PULLED, PRESSED AND SCREENED: Important American Prints

From the 1930s to the 1980s the printed image in American art went through profound changes.  Beginning with the black and white lithographs that were popularized by the regionalists and urban realists, and continuing through the experimental intaglio prints of the 1940s and 1950s, the ‘Pop’ explosion of screenprints in the 1960s, and the precision of super realism in the 1970s, printmaking has captured the imagination of countless American artists.

This exhibition of 50 American prints surveys the activities of artists who put designs on paper during this exciting period.
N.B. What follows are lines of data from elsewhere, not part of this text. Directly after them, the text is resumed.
lemma sin_series_tails_le:
  fixes a b :: "nat \<Rightarrow> 'a::banach"
  assumes var_a: "dyadic_variation_bounded K1 a" "0 \<le> K1"
    and var_ab: "dyadic_variation_bounded K2 (\<lambda>n. a n + b n)" "0 \<le> K2"
    and bdd: "bdd_above ((\<lambda>k. real k * (norm (a k) + norm (b k))) ` {m..})" and "1 \<le> m"
    and x: "0 \<le> x" "x \<le> pi"
  defines "B \<equiv> SUP k\<in>{m..}. real k * (norm (a k) + norm (b k))"
    and "C \<equiv> (7 + 9*K1) + (7 + 9*K2)"
  shows "summable (\<lambda>k. sin (real (k + m) * x) *\<^sub>R a (k + m)) \<and>
    norm (\<Sum>k. sin (real (k + m) * x) *\<^sub>R a (k + m)) \<le> C * B \<and>
    summable (\<lambda>k. sin (real (k + m) * x) *\<^sub>R b (k + m)) \<and>
    norm (\<Sum>k. sin (real (k + m) * x) *\<^sub>R b (k + m)) \<le> C * B"
proof -
  define s where "s k = sin (real (k + m) * x)" for k
  have decay: "\<forall>k\<ge>m. real k * (norm (a k) + norm (b k)) \<le> B"
    unfolding B_def using bdd by (auto intro: cSUP_upper)
  have decay_a: "\<forall>k\<ge>m. real k * norm (a k) \<le> B"
  proof (intro allI impI)
    fix k
    assume "m \<le> k"
    have "real k * norm (a k) \<le> real k * (norm (a k) + norm (b k))"
      by (simp add: mult_left_mono)
    with decay \<open>m \<le> k\<close> show "real k * norm (a k) \<le> B"
      by force
  qed
  have decay_ab: "\<forall>k\<ge>m. real k * norm (a k + b k) \<le> B"
    using decay by (auto intro: order_trans[OF mult_left_mono[OF norm_triangle_ineq]])
  have "0 \<le> B"
    by (rule weighted_norm_bound_nonneg[OF decay_a])
  have sum_a: "summable (\<lambda>k. s k *\<^sub>R a (k + m))" "norm (\<Sum>k. s k *\<^sub>R a (k + m)) \<le> (7 + 9*K1) * B"
    using summable_sin_scaleR[OF var_a decay_a x] norm_suminf_sin_scaleR_tail_le[OF var_a decay_a \<open>1 \<le> m\<close> x]
      summable_iff_shift[of "\<lambda>k. sin (real k * x) *\<^sub>R a k" m] by (simp_all add: s_def)
  have sum_ab: "summable (\<lambda>k. s k *\<^sub>R (a (k + m) + b (k + m)))"
      "norm (\<Sum>k. s k *\<^sub>R (a (k + m) + b (k + m))) \<le> (7 + 9*K2) * B"
    using summable_sin_scaleR[OF var_ab decay_ab x] norm_suminf_sin_scaleR_tail_le[OF var_ab decay_ab \<open>1 \<le> m\<close> x]
      summable_iff_shift[of "\<lambda>k. sin (real k * x) *\<^sub>R (a k + b k)" m] by (simp_all add: s_def)
  have b_eq: "(\<lambda>k. s k *\<^sub>R b (k + m)) = (\<lambda>k. s k *\<^sub>R (a (k + m) + b (k + m)) - s k *\<^sub>R a (k + m))"
    by (simp add: algebra_simps)
  have sum_b: "summable (\<lambda>k. s k *\<^sub>R b (k + m))"
    unfolding b_eq by (rule summable_diff[OF sum_ab(1) sum_a(1)])
  have "norm (\<Sum>k. s k *\<^sub>R b (k + m))
      \<le> norm (\<Sum>k. s k *\<^sub>R (a (k + m) + b (k + m))) + norm (\<Sum>k. s k *\<^sub>R a (k + m))"
    unfolding b_eq suminf_diff[OF sum_ab(1) sum_a(1), symmetric] by (rule norm_triangle_ineq4)
  moreover have "C * B = (7 + 9*K1) * B + (7 + 9*K2) * B"
    by (simp add: C_def algebra_simps)
  moreover have "0 \<le> (7 + 9*K1) * B" "0 \<le> (7 + 9*K2) * B"
    using \<open>0 \<le> B\<close> \<open>0 \<le> K1\<close> \<open>0 \<le> K2\<close> by simp_all
  ultimately show ?thesis
    unfolding s_def[symmetric] using sum_a sum_ab(2) sum_b by linarith
qed

theorem lemma6:
  fixes c :: "int \<Rightarrow> complex" and f :: "real \<Rightarrow> complex"
  assumes "NBVS (\<lambda>n. c (int n))"
    and "NBVS (\<lambda>n. c (int n) + c (- int n))"
    and "\<And>x. (\<lambda>N. \<Sum>n=-int N..int N. c n * exp (\<i> * of_int n * of_real x)) \<longlonglongrightarrow> f x"
    and "f \<in> C2pi"
  shows "\<exists>K::real. \<forall>m::nat\<ge>1. \<forall>x\<in>{0..pi}.
           bdd_above ((\<lambda>k. real k * (norm (c (int k)) + norm (c (- int k)))) ` {m..}) \<longrightarrow>
           (summable (\<lambda>k. c (int (k + m)) * of_real (sin (real (k + m) * x))) \<and>
            norm (\<Sum>k. c (int (k + m)) * of_real (sin (real (k + m) * x)))
              \<le> K * (SUP k\<in>{m..}. real k * (norm (c (int k)) + norm (c (- int k)))) \<and>
            summable (\<lambda>k. c (- int (k + m)) * of_real (sin (real (k + m) * x))) \<and>
            norm (\<Sum>k. c (- int (k + m)) * of_real (sin (real (k + m) * x)))
              \<le> K * (SUP k\<in>{m..}. real k * (norm (c (int k)) + norm (c (- int k)))))"
proof -
  obtain K1 where K1: "0 \<le> K1" "dyadic_variation_bounded K1 (\<lambda>n. c (int n))"
    using NBVS_imp_dyadic_variation_bounded[OF assms(1)] by blast
  obtain K2 where K2: "0 \<le> K2" "dyadic_variation_bounded K2 (\<lambda>n. c (int n) + c (- int n))"
    using NBVS_imp_dyadic_variation_bounded[OF assms(2)] by blast
  have mult_of_real_eq: "z * complex_of_real r = r *\<^sub>R z" for z r
    by (simp add: scaleR_conv_of_real)
  show ?thesis
    using sin_series_tails_le[of K1 "\<lambda>n. c (int n)" K2 "\<lambda>n. c (- int n)"] K1 K2
    by (intro exI[of _ "(7 + 9*K1) + (7 + 9*K2)"]) (auto simp: mult_of_real_eq)
qed

end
Thomas Hart Benton, Grant Wood, Anne Ryan, Milton Avery, Dorothy Dehner, Robert Motherwell, Andy Warhol, Jasper Johns and Richard Estes are a few of the artists represented in this examination of the growth in popularity of printmaking among American artists during this 50 year period.  Especially significant are the contributions of women to printmaking during this period as well as the impact of African-American artists on the graphic arts.  Combined with artists who immigrated to the United States during these decades and the increased numbers of painters and sculptors who took up the medium, this exhibition makes the egalitarian nature of the print abundantly clear.

Pulled, Pressed and Screened: Important American Prints is drawn from the Syracuse University Art Collection holdings of more than 12,500 prints of which more than 7,500 are by American artists.  This deep collection makes available work by print innovators such as Mauricio Lasansky, Gabor Peterdi, Boris Margo, and Garo Antreasian.  It also enables us to share the work of specific art publishers such as the International Graphics Art Society, Associated American Artists, and Universal Art Limited Editions.